In March of this year, it had been (or what I had thought it had been) one full year since I was on my new medical insurance. I had a pre-existing clause on my plan, so I couldn't really do ANYTHING that came with my UC and going to the doctors. I never really knew just how sh**y(pun and no pun intended) insurance companies and the medical field could be. When I thought that I had reached my time, I made an appointment with my doctors office to start on Remicade again, because it had been almost two years since I had been on it, and it was the ONLY thing (along with Imuran together) that made me 'normal.' I had the infusion, got all the extra meds, and waited.

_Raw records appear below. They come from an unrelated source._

lemma finite_enumeration_by_key:
  fixes \<rho> :: "'a \<Rightarrow> 'b::linorder"
  assumes "finite A" "inj_on \<rho> A"
  obtains e where "bij_betw e {..<card A} A" "\<And>k j. k < j \<Longrightarrow> j < card A \<Longrightarrow> \<rho> (e k) < \<rho> (e j)"
proof -
  obtain l where l: "sorted_wrt (<) l" "set l = \<rho> ` A" "length l = card (\<rho> ` A)"
    using finite_set_strict_sorted[OF finite_imageI[OF assms(1)]] .
  have len: "length l = card A"
    using l(3) card_image[OF assms(2)] by simp
  define e where "e = inv_into A \<rho> \<circ> (!) l"
  have "bij_betw ((!) l) {..<card A} (\<rho> ` A)"
    using l(1,2) len strict_sorted_iff by (intro bij_betw_nth) auto
  moreover have "bij_betw (inv_into A \<rho>) (\<rho> ` A) A"
    using assms(2) by (intro bij_betw_inv_into) (simp add: inj_on_imp_bij_betw)
  ultimately have "bij_betw e {..<card A} A"
    unfolding e_def by (rule bij_betw_trans)
  moreover have key: "\<rho> (e k) = l ! k" if "k < card A" for k
  proof -
    have "l ! k \<in> \<rho> ` A"
      unfolding l(2)[symmetric] using len that by simp
    then show ?thesis
      by (simp add: e_def f_inv_into_f)
  qed
  moreover have "\<rho> (e k) < \<rho> (e j)" if "k < j" "j < card A" for k j
    using that key sorted_wrt_nth_less[OF l(1)] len by simp
  ultimately show thesis
    using that by blast
qed

lemma ball_of_sphere:
  assumes "is_sphere S"
  obtains c r where "r > 0" "S = sphere c r" "ball_of S = cball c r"
proof -
  have "\<exists>B c r. r > 0 \<and> S = sphere c r \<and> B = cball c r"
    using assms unfolding is_sphere_def by blast
  then have "\<exists>c r. r > 0 \<and> S = sphere c r \<and> ball_of S = cball c r"
    unfolding ball_of_def by (rule someI_ex)
  with that show thesis
    by blast
qed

A few weeks later, I got a phone call from the doctors office stating that I hadn't in fact waited for my clause to go into effect and now owed them over $4000.00. I freaked out. I found out that my Human Resource Manager at work (who is no longer with us) was wrong on when I signed up and it actually went into effect APRIL rather than March. I was sick. I had already at the time owed my doctors office for past procedures while I was without insurance, making my bill over $7000.00. I fell into a pit of depression. As many of you know, the economic status of us living in the Great Lakes State is less than stellar. The doctors office got VERY rude to me, because they wanted their money. I who lives paycheck to paycheck and can barely afford my medications, was sending them monthly, what I could. They said that it STILL wasn't enough. I lost hope, faith, everything. I pushed my boyfriend of almost 7 years away from me, as he say me through ups and downs, through out the course of having this disease while he had known me (I've been fighting with it, since I was 17!) He's always been there for me, the cramps, the bleeding, the doctors appointments, the 'accidents' everything. I felt like I was being a child, but couldn't control it, I can now only imagine what I put my parents through when I was younger and sicker than I am now! I really am surprised that I didn't cause a divorce. I'm getting off track... I blamed the doctors, stating that they should have again confirmed my insurance prior to the appointment, they blamed me for not knowing my insurance. I blamed them for saying "lets not worry about your insurance now, lets just start you on the drug and we'll work it out later" they blamed their nurse saying that she was new. It was a mess,I was a mess. Phone calls, emails, letters from the doctors, insurance companies, drug companies, patient assistance programs, and nothing could be done. I went to my parents, who didn't have the answers, I went to church, I prayed, still nothing. The doctors office was trying to get me to send them a letter from my insurance company that said when the clause was up, (for legal reasons, I am sure) and I refused. The nurse got reprimanded and was told she needed to help find a way to help me, along with the manager of the building. I filled out the paperwork and was told by the doctors office one thing, my insurance company another, the assistance program yet another thing.
I gave up hope.
There was nothing anyone could do.
about a week ago, I got a very up lifting call from Judy, the office manager. They found an assistance program that would pay for my last treatment that wasn't covered. It was taking not all, but most of the debt away. Next, I got a call from the nurse to tell me the same thing, and also that I should call RemiStart another patient assistance program and have them re-process my information, I called immediately. They told me that I had qualified back in May and that they would cover what my insurance company wouldn't for my future infusions. They were going to FedEx me all I needed so I can start back on Remicade.
I don't know why I wrote all of this, really I don't. I just wanted to give some sort of hope out there for people out there, who are going through the same thing that I am and most likely will forever, in dealing not with the disease, but the finical burned that it causes. I have always had horrible luck, and this disease is just one way that I know that I always will. Part of me feels that it's still too good to be true. And you know what, it could be. I haven't gotten the bill yet from the doctors office that shows the deducted price. I haven't received the assistance yet, but one thing that this WHOLE thing has taught me, is not to worry. The stress from having to worry about where the closest bathroom, or dealing with the pain is the only stress I am going to let bother me now. I have made myself a promise that I will no longer allow myself to stay up all night worrying about where the money is going to come from to pay for this. The second that I did, something came along.
Have faith, friends, and don't let this horrible thing run your life!